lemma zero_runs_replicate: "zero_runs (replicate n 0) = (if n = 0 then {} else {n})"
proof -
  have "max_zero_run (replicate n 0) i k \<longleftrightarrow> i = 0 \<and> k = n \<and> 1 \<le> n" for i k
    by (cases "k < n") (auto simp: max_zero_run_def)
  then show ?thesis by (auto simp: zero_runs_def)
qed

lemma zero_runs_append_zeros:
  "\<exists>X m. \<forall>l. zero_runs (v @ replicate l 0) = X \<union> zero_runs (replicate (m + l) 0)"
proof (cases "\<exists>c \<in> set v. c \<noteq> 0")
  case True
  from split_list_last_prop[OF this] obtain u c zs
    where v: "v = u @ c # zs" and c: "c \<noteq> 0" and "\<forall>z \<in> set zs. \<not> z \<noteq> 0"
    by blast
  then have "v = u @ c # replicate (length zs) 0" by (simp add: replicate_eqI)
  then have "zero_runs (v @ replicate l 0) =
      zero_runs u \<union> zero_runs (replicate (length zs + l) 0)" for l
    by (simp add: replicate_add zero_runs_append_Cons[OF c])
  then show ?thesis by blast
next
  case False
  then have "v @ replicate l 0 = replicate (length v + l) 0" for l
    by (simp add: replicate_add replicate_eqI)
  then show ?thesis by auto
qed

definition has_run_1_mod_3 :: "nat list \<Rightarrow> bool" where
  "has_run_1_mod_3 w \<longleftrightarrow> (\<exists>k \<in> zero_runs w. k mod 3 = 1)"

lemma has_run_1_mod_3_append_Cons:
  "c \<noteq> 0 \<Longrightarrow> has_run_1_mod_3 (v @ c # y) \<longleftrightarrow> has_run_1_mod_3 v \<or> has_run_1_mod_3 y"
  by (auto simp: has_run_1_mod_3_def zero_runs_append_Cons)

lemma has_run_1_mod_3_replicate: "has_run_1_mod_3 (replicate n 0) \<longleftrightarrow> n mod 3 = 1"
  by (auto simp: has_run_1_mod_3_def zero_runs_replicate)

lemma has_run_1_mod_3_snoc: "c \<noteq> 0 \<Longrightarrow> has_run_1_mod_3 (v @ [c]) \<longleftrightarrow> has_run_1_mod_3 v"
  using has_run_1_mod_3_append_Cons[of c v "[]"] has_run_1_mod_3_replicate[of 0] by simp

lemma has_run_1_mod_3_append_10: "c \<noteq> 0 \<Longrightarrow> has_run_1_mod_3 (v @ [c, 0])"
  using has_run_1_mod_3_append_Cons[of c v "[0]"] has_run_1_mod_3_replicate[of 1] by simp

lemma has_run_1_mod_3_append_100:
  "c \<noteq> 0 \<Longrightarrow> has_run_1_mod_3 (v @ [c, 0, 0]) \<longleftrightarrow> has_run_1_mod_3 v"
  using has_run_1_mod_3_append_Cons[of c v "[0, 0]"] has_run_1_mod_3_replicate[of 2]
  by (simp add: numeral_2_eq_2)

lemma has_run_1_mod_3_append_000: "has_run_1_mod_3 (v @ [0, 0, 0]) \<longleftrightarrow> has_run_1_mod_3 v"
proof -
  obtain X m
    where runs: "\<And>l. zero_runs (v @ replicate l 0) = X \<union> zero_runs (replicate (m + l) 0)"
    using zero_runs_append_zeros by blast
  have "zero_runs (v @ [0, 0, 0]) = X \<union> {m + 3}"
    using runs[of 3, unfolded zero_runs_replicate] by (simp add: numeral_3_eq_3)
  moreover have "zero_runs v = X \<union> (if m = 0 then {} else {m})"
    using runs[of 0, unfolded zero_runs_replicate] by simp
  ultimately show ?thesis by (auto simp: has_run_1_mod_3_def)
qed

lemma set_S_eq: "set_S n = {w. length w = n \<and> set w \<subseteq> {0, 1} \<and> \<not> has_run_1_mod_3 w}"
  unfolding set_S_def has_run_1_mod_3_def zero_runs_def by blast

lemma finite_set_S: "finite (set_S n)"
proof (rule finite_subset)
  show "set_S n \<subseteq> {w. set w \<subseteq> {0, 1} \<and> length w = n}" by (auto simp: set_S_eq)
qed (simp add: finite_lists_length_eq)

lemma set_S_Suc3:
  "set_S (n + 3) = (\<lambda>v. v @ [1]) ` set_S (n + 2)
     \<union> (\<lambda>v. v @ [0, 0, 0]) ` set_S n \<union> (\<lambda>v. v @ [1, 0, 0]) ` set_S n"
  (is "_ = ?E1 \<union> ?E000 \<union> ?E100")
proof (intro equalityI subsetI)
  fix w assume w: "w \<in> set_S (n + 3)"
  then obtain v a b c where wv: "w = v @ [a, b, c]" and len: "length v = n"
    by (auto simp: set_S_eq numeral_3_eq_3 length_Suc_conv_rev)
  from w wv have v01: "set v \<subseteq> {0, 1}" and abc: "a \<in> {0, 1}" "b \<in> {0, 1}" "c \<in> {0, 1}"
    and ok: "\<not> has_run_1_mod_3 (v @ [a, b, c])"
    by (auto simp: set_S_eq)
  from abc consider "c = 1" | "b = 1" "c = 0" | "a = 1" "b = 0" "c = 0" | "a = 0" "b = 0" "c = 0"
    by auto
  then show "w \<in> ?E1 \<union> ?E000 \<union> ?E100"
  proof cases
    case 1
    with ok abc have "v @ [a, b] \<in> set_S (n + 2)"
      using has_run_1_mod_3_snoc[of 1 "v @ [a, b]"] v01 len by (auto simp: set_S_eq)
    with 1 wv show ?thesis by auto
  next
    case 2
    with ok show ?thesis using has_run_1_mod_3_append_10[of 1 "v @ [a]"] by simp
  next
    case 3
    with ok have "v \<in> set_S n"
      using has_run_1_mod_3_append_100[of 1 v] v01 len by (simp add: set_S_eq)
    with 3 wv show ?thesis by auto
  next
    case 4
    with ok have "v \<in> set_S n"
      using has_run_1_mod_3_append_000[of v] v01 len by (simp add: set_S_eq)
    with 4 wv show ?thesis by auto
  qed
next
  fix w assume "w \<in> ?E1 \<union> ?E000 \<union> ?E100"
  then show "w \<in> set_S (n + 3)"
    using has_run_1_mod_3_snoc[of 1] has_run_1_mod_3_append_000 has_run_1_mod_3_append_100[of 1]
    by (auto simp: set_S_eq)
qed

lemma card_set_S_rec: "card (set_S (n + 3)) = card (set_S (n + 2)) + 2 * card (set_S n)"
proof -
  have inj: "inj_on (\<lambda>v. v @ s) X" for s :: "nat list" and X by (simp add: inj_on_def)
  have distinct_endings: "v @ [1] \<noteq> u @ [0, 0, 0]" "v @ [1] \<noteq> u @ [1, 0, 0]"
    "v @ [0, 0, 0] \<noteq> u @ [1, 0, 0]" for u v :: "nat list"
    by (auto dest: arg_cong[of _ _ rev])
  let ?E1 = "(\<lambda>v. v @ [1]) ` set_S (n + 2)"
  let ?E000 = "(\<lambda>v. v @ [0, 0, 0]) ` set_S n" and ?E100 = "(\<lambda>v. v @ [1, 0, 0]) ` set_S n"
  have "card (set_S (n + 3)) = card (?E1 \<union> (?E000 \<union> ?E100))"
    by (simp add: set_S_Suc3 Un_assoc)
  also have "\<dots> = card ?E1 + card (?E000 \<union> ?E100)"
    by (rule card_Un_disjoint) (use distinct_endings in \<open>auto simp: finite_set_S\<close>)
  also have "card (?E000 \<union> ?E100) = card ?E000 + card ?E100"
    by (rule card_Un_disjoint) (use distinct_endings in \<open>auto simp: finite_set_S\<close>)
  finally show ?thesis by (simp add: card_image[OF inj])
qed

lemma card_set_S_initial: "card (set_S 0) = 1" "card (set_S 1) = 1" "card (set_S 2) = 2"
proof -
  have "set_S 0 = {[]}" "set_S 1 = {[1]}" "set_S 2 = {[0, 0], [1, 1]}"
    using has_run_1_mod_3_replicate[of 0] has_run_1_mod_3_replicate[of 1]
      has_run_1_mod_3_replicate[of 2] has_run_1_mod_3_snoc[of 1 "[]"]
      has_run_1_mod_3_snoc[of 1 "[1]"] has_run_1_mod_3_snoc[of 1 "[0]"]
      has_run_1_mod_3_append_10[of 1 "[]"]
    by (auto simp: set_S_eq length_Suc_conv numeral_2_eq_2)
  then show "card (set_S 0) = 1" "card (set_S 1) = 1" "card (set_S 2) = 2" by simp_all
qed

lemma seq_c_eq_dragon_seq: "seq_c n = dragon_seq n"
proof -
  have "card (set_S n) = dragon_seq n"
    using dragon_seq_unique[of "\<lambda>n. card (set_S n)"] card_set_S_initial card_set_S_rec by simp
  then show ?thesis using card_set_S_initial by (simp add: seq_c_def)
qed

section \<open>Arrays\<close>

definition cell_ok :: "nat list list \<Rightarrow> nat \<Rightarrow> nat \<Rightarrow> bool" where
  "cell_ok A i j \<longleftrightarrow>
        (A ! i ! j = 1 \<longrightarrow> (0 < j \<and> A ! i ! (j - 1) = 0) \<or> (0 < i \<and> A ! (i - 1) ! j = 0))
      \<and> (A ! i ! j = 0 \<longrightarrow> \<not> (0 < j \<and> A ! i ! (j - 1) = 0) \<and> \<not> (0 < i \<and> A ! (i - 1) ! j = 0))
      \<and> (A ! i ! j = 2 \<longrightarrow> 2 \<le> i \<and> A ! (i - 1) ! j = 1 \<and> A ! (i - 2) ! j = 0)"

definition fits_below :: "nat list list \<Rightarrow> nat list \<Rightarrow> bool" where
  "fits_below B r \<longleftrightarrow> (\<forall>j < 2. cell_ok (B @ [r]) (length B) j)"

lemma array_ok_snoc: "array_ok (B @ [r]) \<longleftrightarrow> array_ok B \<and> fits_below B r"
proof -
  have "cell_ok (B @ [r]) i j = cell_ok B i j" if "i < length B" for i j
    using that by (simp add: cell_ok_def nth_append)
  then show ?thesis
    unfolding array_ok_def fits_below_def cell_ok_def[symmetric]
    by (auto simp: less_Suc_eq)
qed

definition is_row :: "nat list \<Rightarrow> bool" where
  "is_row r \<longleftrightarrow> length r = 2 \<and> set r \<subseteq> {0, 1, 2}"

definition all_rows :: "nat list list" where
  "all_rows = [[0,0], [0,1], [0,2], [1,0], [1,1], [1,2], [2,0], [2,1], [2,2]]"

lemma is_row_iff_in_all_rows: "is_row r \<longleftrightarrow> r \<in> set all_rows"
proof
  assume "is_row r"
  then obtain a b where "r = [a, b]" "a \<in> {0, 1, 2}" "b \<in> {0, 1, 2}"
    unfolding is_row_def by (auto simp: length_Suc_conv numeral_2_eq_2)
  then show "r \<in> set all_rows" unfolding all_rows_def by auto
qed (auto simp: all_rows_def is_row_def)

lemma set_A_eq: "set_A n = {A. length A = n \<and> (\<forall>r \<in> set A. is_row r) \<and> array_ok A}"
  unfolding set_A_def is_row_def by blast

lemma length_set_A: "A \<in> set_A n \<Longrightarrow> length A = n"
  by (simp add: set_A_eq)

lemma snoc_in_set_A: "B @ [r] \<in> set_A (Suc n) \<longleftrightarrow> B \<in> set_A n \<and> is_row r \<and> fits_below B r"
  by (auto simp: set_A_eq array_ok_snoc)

────

Assignment:
Lines with the word "assume" in them should be copied from the preceding records.

Answer space:
  fix w assume w: "w \<in> set_S (n + 3)"
  fix w assume "w \<in> ?E1 \<union> ?E000 \<union> ?E100"
  assume "is_row r"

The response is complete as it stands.